To ensure smooth operations of docker-compose
it is recommended to cache a container image on every node:
cd nifi-cluster
docker-compose pull
Deployment layout:
- Acquisition node
- NiFi Cluster Manager (NCM) node
- Worker node (potentially multilpe)
cd nifi-cluster
docker-compose up
If you are running docker-compose
in a foreground, open a new terminal and execute these commands:
♨> eval $(docker-machine env --swarm host1)
♨> docker-compose ps
Name Command State Ports
----------------------------------------------------------------------------------------------------------------------------------------------
nificluster_acquisition_1 ./run.sh Up 10000/tcp, 10001/tcp, 10002/tcp, 10003/tcp, 10004/tcp, 192.168.99.104:9091->8080/tcp, 8081/tcp
nificluster_ncm_1 ./run.sh Up 10000/tcp, 10001/tcp, 10002/tcp, 10003/tcp, 10004/tcp, 192.168.99.103:9091->8080/tcp, 8081/tcp
nificluster_worker_1 ./run.sh Up 10000/tcp, 10001/tcp, 10002/tcp, 10003/tcp, 10004/tcp, 192.168.99.102:32770->8080/tcp, 8081/tcp
You are interested in the manager node nificluster_ncm_1 - http://192.168.99.103:9091
and nificluster_acquisition_1 - http://192.168.99.104:9091
nodes.
Change the number of processing nodes in a cluster (worker
is the worker node service name from our docker-compose.yml
):
♨ > docker-compose scale worker=3
Creating and starting 2 ... done
Creating and starting 3 ... done
♨ > docker-compose ps
Name Command State Ports
----------------------------------------------------------------------------------------------------------------------------------------------
nificluster_acquisition_1 ./run.sh Up 10000/tcp, 10001/tcp, 10002/tcp, 10003/tcp, 10004/tcp, 192.168.99.104:9091->8080/tcp, 8081/tcp
nificluster_ncm_1 ./run.sh Up 10000/tcp, 10001/tcp, 10002/tcp, 10003/tcp, 10004/tcp, 192.168.99.103:9091->8080/tcp, 8081/tcp
nificluster_worker_1 ./run.sh Up 10000/tcp, 10001/tcp, 10002/tcp, 10003/tcp, 10004/tcp, 192.168.99.102:32770->8080/tcp, 8081/tcp
nificluster_worker_2 ./run.sh Up 10000/tcp, 10001/tcp, 10002/tcp, 10003/tcp, 10004/tcp, 192.168.99.101:32768->8080/tcp, 8081/tcp
nificluster_worker_3 ./run.sh Up 10000/tcp, 10001/tcp, 10002/tcp, 10003/tcp, 10004/tcp, 192.168.99.102:32771->8080/tcp, 8081/tcp
Now go to the NCM host and click on the Cluster
menu item on the right. New nodes will appear shortly after registering with the
manager.
NiFi nodes will have no problems reaching out to an outside world for data (only governed by your host firewall). If, however, the intent is to push data into a cluster (NiFi listens on a port), then edit a corresponding `docker-compose.yml' file and bind your host's ports to one of the ports exposed by this docker container (10000-10004, total of 5 extra ports).
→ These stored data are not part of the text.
text \<open>Up to degree \<open>2 * m - 2\<close>, the difference of the \<open>i\<close>-th Newton term between two residues
  is this multiple of \<open>n ^ (2 * m - 1)\<close> times \<open>D = psum2_lin s - psum2_lin s'\<close>: the term \<open>i = 0\<close>
  inherits it from \<open>e\<^sub>m\<close>, the term \<open>i = 1\<close> from \<open>p\<^sub>2\<close>, and all other terms are too small.\<close>

definition newton_term_dev :: "nat \<Rightarrow> nat \<Rightarrow> real \<Rightarrow> real" where
  "newton_term_dev m i D = (if i = 0 then - dev_factor m * D else if i = 1 then - D / fact (m - 1) else 0)"

lemma sum_newton_term_dev: "(\<Sum>i<Suc m. newton_term_dev m i D) = - (real (Suc m) * dev_factor (Suc m) * D)"
proof -
  have sum: "(\<Sum>i<Suc m. newton_term_dev m i D) = (\<Sum>i\<in>{0, 1} \<inter> {..<Suc m}. newton_term_dev m i D)"
    by (rule sum.mono_neutral_right) (auto simp: newton_term_dev_def)
  consider "m = 0" | "m = 1" | m' where "m = Suc (Suc m')"
    by (metis One_nat_def not0_implies_Suc)
  then show ?thesis
  proof cases
    case 3
    have f: "(fact (Suc m') :: real) = real (Suc m') * fact m'" by simp
    have "{0, 1} \<inter> {..<Suc m} = {0, 1}" using 3 by auto
    then have "(\<Sum>i<Suc m. newton_term_dev m i D) = - D / (2 * fact m') - D / (real (Suc m') * fact m')"
      unfolding sum by (simp add: 3 newton_term_dev_def dev_factor_def f)
    also have "\<dots> = - ((real (Suc m') + 2) * (1 / (2 * (real (Suc m') * fact m'))) * D)"
      by (simp add: field_simps del: of_nat_Suc)
    also have "\<dots> = - (real (Suc m) * dev_factor (Suc m) * D)"
      by (simp add: 3 dev_factor_def f del: of_nat_Suc)
    finally show ?thesis .
  qed (auto simp: newton_term_dev_def dev_factor_def)
qed
lemma app_at_maxargs:
  "app_at \<phi> p = Some (App f as) \<Longrightarrow> tl_over \<Omega> l \<phi> \<Longrightarrow>
     tl_over \<Omega> l (App f as) \<and> set as \<subseteq> set (maxargs \<phi>)"
  by (induction \<phi> p rule: app_at.induct) (auto split: if_splits)

definition arg_vars :: "'r expr list \<Rightarrow> nat list" where
  "arg_vars as = sorted_list_of_set (\<Union>(set (map free as)))"

lemma set_arg_vars: "set (arg_vars as) = \<Union>(set (map free as))"
  by (simp add: arg_vars_def)

text \<open>Variables outside xs are sent to the vertex 1.\<close>
definition assign :: "nat list \<Rightarrow> nat list \<Rightarrow> nat \<Rightarrow> nat" where
  "assign xs vals w = (case map_of (zip xs vals) w of None \<Rightarrow> 1 | Some v \<Rightarrow> v)"

lemma assign_map: "w \<in> set xs \<Longrightarrow> assign xs (map g xs) w = g w"
  by (simp add: assign_def map_of_zip_map)

lemma assign_map_comp:
  "length xs = length ys \<Longrightarrow> w \<in> set xs \<Longrightarrow> assign xs (map g ys) w = g (assign xs ys w)"
  by (induction xs ys rule: list_induct2) (auto simp: assign_def)

lemma eval_comp_assign:
  assumes "length zs = length xs" and "free a \<subseteq> set xs"
  shows "eval n G J (\<nu> \<circ> assign xs (map \<eta> zs)) a = eval n G J (assign xs (map (\<nu> \<circ> \<eta>) zs)) a"
  using assms assign_map_comp[of xs "map \<eta> zs" _ \<nu>] by (intro eval_cong_free) auto

lemma assign_in: "set ys \<subseteq> A \<Longrightarrow> 1 \<in> A \<Longrightarrow> assign xs ys w \<in> A"
proof (induction xs arbitrary: ys)
  case (Cons x xs)
  then show ?case by (cases ys) (auto simp: assign_def)
qed (simp add: assign_def)

section \<open>Factors and variable elimination\<close>

datatype 'r factor =
  Factor (supp: "nat set") (fval: "graph \<Rightarrow> (nat \<Rightarrow> nat) \<Rightarrow> real") (fexpr: "(nat \<Rightarrow> nat) \<Rightarrow> 'r expr")

definition fvals :: "graph \<Rightarrow> 'r factor list \<Rightarrow> (nat \<Rightarrow> nat) \<Rightarrow> real" where
  "fvals G fs \<beta> = (\<Prod>t\<leftarrow>fs. fval t G \<beta>)"

lemma fvals_partition: "fvals G fs \<beta> = fvals G (filter P fs) \<beta> * fvals G (filter (Not \<circ> P) fs) \<beta>"
  by (induction fs) (auto simp: fvals_def ac_simps)

context
  fixes n :: nat and \<Omega> :: "(nat \<times> (real list \<Rightarrow> real)) set" and l k :: nat
begin

definition in_TL_k1 :: "'r expr \<Rightarrow> bool" where
  "in_TL_k1 e \<longleftrightarrow> tl_over \<Omega> l e \<and> vars e \<subseteq> {1..k+1}"

definition renaming :: "(nat \<Rightarrow> nat) \<Rightarrow> bool" where
  "renaming \<eta> \<longleftrightarrow> (\<forall>z. \<eta> z \<in> {1..k+1})"

definition computes :: "'r expr \<Rightarrow> (graph \<Rightarrow> (nat \<Rightarrow> nat) \<Rightarrow> real) \<Rightarrow> bool" where
  "computes e g \<longleftrightarrow> in_TL_k1 e \<and>
     (\<forall>G I \<nu>. is_graph n G \<longrightarrow> valuation n \<nu> \<longrightarrow> eval n G I \<nu> e = g G \<nu>)"

lemma computesI:
  "in_TL_k1 e \<Longrightarrow> (\<And>G I \<nu>. is_graph n G \<Longrightarrow> valuation n \<nu> \<Longrightarrow> eval n G I \<nu> e = g G \<nu>) \<Longrightarrow>
     computes e g"
  by (simp add: computes_def)

lemma computes_cong:
  "computes e g \<Longrightarrow> (\<And>G \<nu>. is_graph n G \<Longrightarrow> valuation n \<nu> \<Longrightarrow> g G \<nu> = g' G \<nu>) \<Longrightarrow> computes e g'"
  unfolding computes_def by (metis surj_pair)

lemma computes_in_TL_k1: "computes e g \<Longrightarrow> in_TL_k1 e"
  by (simp add: computes_def)

lemma computes_eval: "computes e g \<Longrightarrow> is_graph n G \<Longrightarrow> valuation n \<nu> \<Longrightarrow> eval n G I \<nu> e = g G \<nu>"
  unfolding computes_def by blast

text \<open>A factor is a function of the variables in its support, given together with,
  for every renaming \<eta> of variables to x_1..x_{k+1}, an expression of TL_{k+1}
  computing it after renaming.\<close>
definition realizes :: "'r factor \<Rightarrow> bool" where
  "realizes t \<longleftrightarrow> finite (supp t) \<and>
     (\<forall>G \<beta> \<beta>'. (\<forall>z\<in>supp t. \<beta> z = \<beta>' z) \<longrightarrow> fval t G \<beta> = fval t G \<beta>') \<and>
     (\<forall>\<eta>. renaming \<eta> \<longrightarrow> computes (fexpr t \<eta>) (\<lambda>G \<nu>. fval t G (\<nu> \<circ> \<eta>)))"

lemma realizes_finite: "realizes t \<Longrightarrow> finite (supp t)"
  by (simp add: realizes_def)

lemma realizes_supp_cong:
  "realizes t \<Longrightarrow> (\<And>z. z \<in> supp t \<Longrightarrow> \<beta> z = \<beta>' z) \<Longrightarrow> fval t G \<beta> = fval t G \<beta>'"
  unfolding realizes_def by blast

lemma realizes_computes:
  "realizes t \<Longrightarrow> renaming \<eta> \<Longrightarrow> computes (fexpr t \<eta>) (\<lambda>G \<nu>. fval t G (\<nu> \<circ> \<eta>))"
  by (simp add: realizes_def)

lemma fvals_supp_cong:
  assumes "\<forall>t\<in>set fs. realizes t" and "\<forall>t\<in>set fs. \<forall>z\<in>supp t. \<beta> z = \<beta>' z"
  shows "fvals G fs \<beta> = fvals G fs \<beta>'"
  unfolding fvals_def using assms
  by (intro arg_cong[where f = prod_list] map_cong refl) (blast intro: realizes_supp_cong)

lemma computes_prod_expr:
  assumes "\<forall>t\<in>set fs. realizes t" and "renaming \<eta>"
  shows "computes (prod_expr (map (\<lambda>t. fexpr t \<eta>) fs)) (\<lambda>G \<nu>. fvals G fs (\<nu> \<circ> \<eta>))"
proof -
  have fs: "computes (fexpr t \<eta>) (\<lambda>G \<nu>. fval t G (\<nu> \<circ> \<eta>))" if "t \<in> set fs" for t
    using assms that by (blast intro: realizes_computes)
  have "vars (prod_expr (map (\<lambda>t. fexpr t \<eta>) fs)) \<subseteq> {1..k+1}"
    using vars_prod_expr[of "map (\<lambda>t. fexpr t \<eta>) fs"] fs by (fastforce simp: computes_def in_TL_k1_def)
  with fs show ?thesis
    by (auto simp: computes_def in_TL_k1_def fvals_def eval_prod_expr comp_def
        intro!: tl_over_prod_expr arg_cong[where f = prod_list])
qed

lemma computes_lincomb_expr:
  assumes "\<And>c. c \<in> set cs \<Longrightarrow> computes (E c) (g c)"
  shows "computes (lincomb_expr (map (\<lambda>c. (fst c, E c)) cs)) (\<lambda>G \<nu>. \<Sum>c\<leftarrow>cs. fst c * g c G \<nu>)"
proof (rule computesI)
  have "vars (lincomb_expr (map (\<lambda>c. (fst c, E c)) cs)) \<subseteq> {1..k+1}"
    using vars_lincomb_expr[of "map (\<lambda>c. (fst c, E c)) cs"] computes_in_TL_k1[OF assms]
    by (fastforce simp: in_TL_k1_def)
  then show "in_TL_k1 (lincomb_expr (map (\<lambda>c. (fst c, E c)) cs))"
    using computes_in_TL_k1[OF assms] by (auto simp: in_TL_k1_def intro!: tl_over_lincomb_expr)
next
  fix G I \<nu> assume "is_graph n G" "valuation n \<nu>"
  then show "eval n G I \<nu> (lincomb_expr (map (\<lambda>c. (fst c, E c)) cs)) = (\<Sum>c\<leftarrow>cs. fst c * g c G \<nu>)"
    using computes_eval[OF assms] by (simp add: eval_lincomb_expr comp_def cong: map_cong)
qed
Have you run bootstrap_vms.sh
script? It instructs a user to run this command at the very end, this is critical. Unfortunately, a bash script can't export variables into a caller environment, so this command has to be run manually:
eval $(docker-machine env --swarm host1)
Docker network commands will work after that.